REQUIRED ACTION →
Starting at the top of the records, output every line through the one that contains "assms mobius_in_disc by (simp add: pdisc_def)", keeping each exactly as it appears.

THE INPUT →

#####

lemma geoseg_mobius:
  assumes "cmod w < 1" "u \<in> pdisc" "v \<in> pdisc"
  shows "geoseg (mobius w u) (mobius w v) = mobius w ` geoseg u v"
proof (rule geoseg_isometry_image[where f' = "mobius (-w)"])
  have w': "cmod (-w) < 1" using assms by simp
  show "\<And>z. z \<in> pdisc \<Longrightarrow> mobius w z \<in> pdisc" using assms mobius_in_disc by (simp add: pdisc_def)
  show "\<And>z. z \<in> pdisc \<Longrightarrow> mobius (-w) z \<in> pdisc" using w' mobius_in_disc by (simp add: pdisc_def)
  show "\<And>z. z \<in> pdisc \<Longrightarrow> mobius (-w) (mobius w z) = z" using assms mobius_inverse by (simp add: pdisc_def)
  show "\<And>z. z \<in> pdisc \<Longrightarrow> mobius w (mobius (-w) z) = z" using w' mobius_inverse[of "-w"] by (simp add: pdisc_def)
  show "\<And>x y. x \<in> pdisc \<Longrightarrow> y \<in> pdisc \<Longrightarrow> pdist (mobius w x) (mobius w y) = pdist x y"
    using assms pdist_mobius by (simp add: pdisc_def)
qed (use assms in auto)

lemma geoseg_rotation:
  assumes "cmod r = 1" "u \<in> pdisc" "v \<in> pdisc"
  shows "geoseg (r * u) (r * v) = (\<lambda>z. r * z) ` geoseg u v"
proof -
  have rr: "cnj r * r = 1" using assms(1) by (metis complex_norm_square mult.commute of_real_1 power_one)
  show ?thesis
  proof (rule geoseg_isometry_image[where f' = "\<lambda>z. cnj r * z"])
    show "\<And>z. z \<in> pdisc \<Longrightarrow> r * z \<in> pdisc" "\<And>z. z \<in> pdisc \<Longrightarrow> cnj r * z \<in> pdisc"
      using assms by (simp_all add: pdisc_def norm_mult)
    show "\<And>z. cnj r * (r * z) = z" "\<And>z. r * (cnj r * z) = z"
      by (simp_all add: mult.assoc[symmetric] rr mult.commute[of r])
    show "\<And>x y. pdist (r * x) (r * y) = pdist x y" using pdist_rotation[OF assms(1)] by simp
  qed (use assms in auto)
qed

(* Points of a real geodesic segment are real, by the equality case of the triangle inequality. *)
lemma geoseg_real_subset:
  assumes "\<bar>p\<bar> < 1" "\<bar>q\<bar> < 1" "p < q"
  shows "geoseg (of_real p) (of_real q) \<subseteq> complex_of_real ` {p..q}"
proof
  fix z assume "z \<in> geoseg (of_real p) (of_real q)"
  then obtain g where g: "g 0 = of_real p" "g 1 = of_real q" "g ` {0..1} \<subseteq> pdisc"
    "\<forall>s\<in>{0..1}. \<forall>t\<in>{0..1}. pdist (g s) (g t) = \<bar>s - t\<bar> * pdist (of_real p) (of_real q)"
    "z \<in> g ` {0..1}"
    unfolding geoseg_def by blast
  then obtain s where s: "s \<in> {0..1}" "z = g s" by blast
  have "pdist (g 0) (g s) + pdist (g s) (g 1) = pdist (of_real p) (of_real q)"
    using g(4) s(1) by (auto simp: algebra_simps)
  moreover have "cmod z < 1" using g(3) s by (auto simp: pdisc_def image_subset_iff)
  ultimately have "Im z = 0 \<and> p \<le> Re z \<and> Re z \<le> q"
    using triangle_equality_real assms g s by (metis order_refl)
  thus "z \<in> complex_of_real ` {p..q}" by (auto simp: image_iff complex_eq_iff intro!: bexI[of _ "Re z"])
qed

#####

WRITTEN SOLUTION →
lemma geoseg_mobius:
  assumes "cmod w < 1" "u \<in> pdisc" "v \<in> pdisc"
  shows "geoseg (mobius w u) (mobius w v) = mobius w ` geoseg u v"
proof (rule geoseg_isometry_image[where f' = "mobius (-w)"])
  have w': "cmod (-w) < 1" using assms by simp
  show "\<And>z. z \<in> pdisc \<Longrightarrow> mobius w z \<in> pdisc" using assms mobius_in_disc by (simp add: pdisc_def)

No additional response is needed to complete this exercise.